(Dataset entries)
(* Let $\alpha:[-1,1]\times[0,T)\to\mathbb{R}^2$ be a smooth solution of the curve diffusion flow $\partial_t\alpha=k_{ss}\nu$ with generalised Neumann boundary conditions in the cone. Then for every $\ell\in\mathbb{N}$ and every $t\in[0,T)$, $k_{s^{2\ell-1}}(\pm1,t)=0$ (one-sided arclength derivatives).
   Context: Fix angles $0\le\theta_2<\theta_1<\pi$ and the rays $\bar\gamma_i=\{\rho(\cos\theta_i,\sin\theta_i):\rho>0\}$, $i=1,2$, forming a cone with tip at the origin. For a family of curves $\alpha(\cdot,t)$, $s$ is arclength, $\nu$ the outer unit normal, $k=-\langle\alpha_{ss},\nu\rangle$ the scalar curvature and $k_{s^m}$ its $m$-th arclength derivative. Generalised Neumann boundary conditions mean: for all $t$, $\alpha(-1,t)\in\bar\gamma_1$, $\alpha(1,t)\in\bar\gamma_2$, the curve meets these rays perpendicularly (the normal $\nu$ is tangent to the ray at each endpoint), and $k_s(\pm1,t)=0$. *)

theory Defs
  imports "HOL-Analysis.Analysis"
begin

text \<open>Curves in the plane are maps from the parameter strip [-1,1] x [0,T) to
  R^2 = real x real; a point of the strip is a pair (u,t).\<close>

definition strip :: "real \<Rightarrow> (real \<times> real) set" where
  "strip T = {-1..1} \<times> {0..<T}"

definition dU :: "(real \<times> real \<Rightarrow> 'a::real_normed_vector) \<Rightarrow> real \<times> real \<Rightarrow> 'a" where
  "dU f p = vector_derivative (\<lambda>v. f (v, snd p)) (at (fst p) within {-1..1})"

definition dT :: "real \<Rightarrow> (real \<times> real \<Rightarrow> 'a::real_normed_vector) \<Rightarrow> real \<times> real \<Rightarrow> 'a" where
  "dT T f p = vector_derivative (\<lambda>s. f (fst p, s)) (at (snd p) within {0..<T})"

fun pd :: "real \<Rightarrow> bool list \<Rightarrow> (real \<times> real \<Rightarrow> 'a::real_normed_vector) \<Rightarrow> real \<times> real \<Rightarrow> 'a" where
  "pd T [] f = f"
| "pd T (b # bs) f = (if b then dU (pd T bs f) else dT T (pd T bs f))"

definition smooth_on_strip :: "real \<Rightarrow> (real \<times> real \<Rightarrow> 'a::real_normed_vector) \<Rightarrow> bool" where
  "smooth_on_strip T f \<longleftrightarrow>
     (\<forall>bs. continuous_on (strip T) (pd T bs f) \<and>
        (\<forall>p\<in>strip T.
           ((\<lambda>v. pd T bs f (v, snd p)) has_vector_derivative dU (pd T bs f) p) (at (fst p) within {-1..1}) \<and>
           ((\<lambda>s. pd T bs f (fst p, s)) has_vector_derivative dT T (pd T bs f) p) (at (snd p) within {0..<T})))"

definition dS :: "(real \<times> real \<Rightarrow> real \<times> real) \<Rightarrow> (real \<times> real \<Rightarrow> 'a::real_normed_vector) \<Rightarrow> real \<times> real \<Rightarrow> 'a" where
  "dS \<alpha> f p = inverse (norm (dU \<alpha> p)) *\<^sub>R dU f p"

definition rotJ :: "real \<times> real \<Rightarrow> real \<times> real" where
  "rotJ v = (- snd v, fst v)"

text \<open>The curve runs from the ray at angle theta1
  (u = -1) to the ray at angle theta2 < theta1 (u = 1), i.e. clockwise about the
  tip of the cone, so the outer normal is the counterclockwise rotation of the tangent.\<close>
definition tangent :: "(real \<times> real \<Rightarrow> real \<times> real) \<Rightarrow> real \<times> real \<Rightarrow> real \<times> real" where
  "tangent \<alpha> p = dS \<alpha> \<alpha> p"

definition normal :: "(real \<times> real \<Rightarrow> real \<times> real) \<Rightarrow> real \<times> real \<Rightarrow> real \<times> real" where
  "normal \<alpha> p = rotJ (tangent \<alpha> p)"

◆ WHAT YOU WILL DO: Provide only the count of lines in the data above that include the string "from".

◆ TASK OUTPUT: 2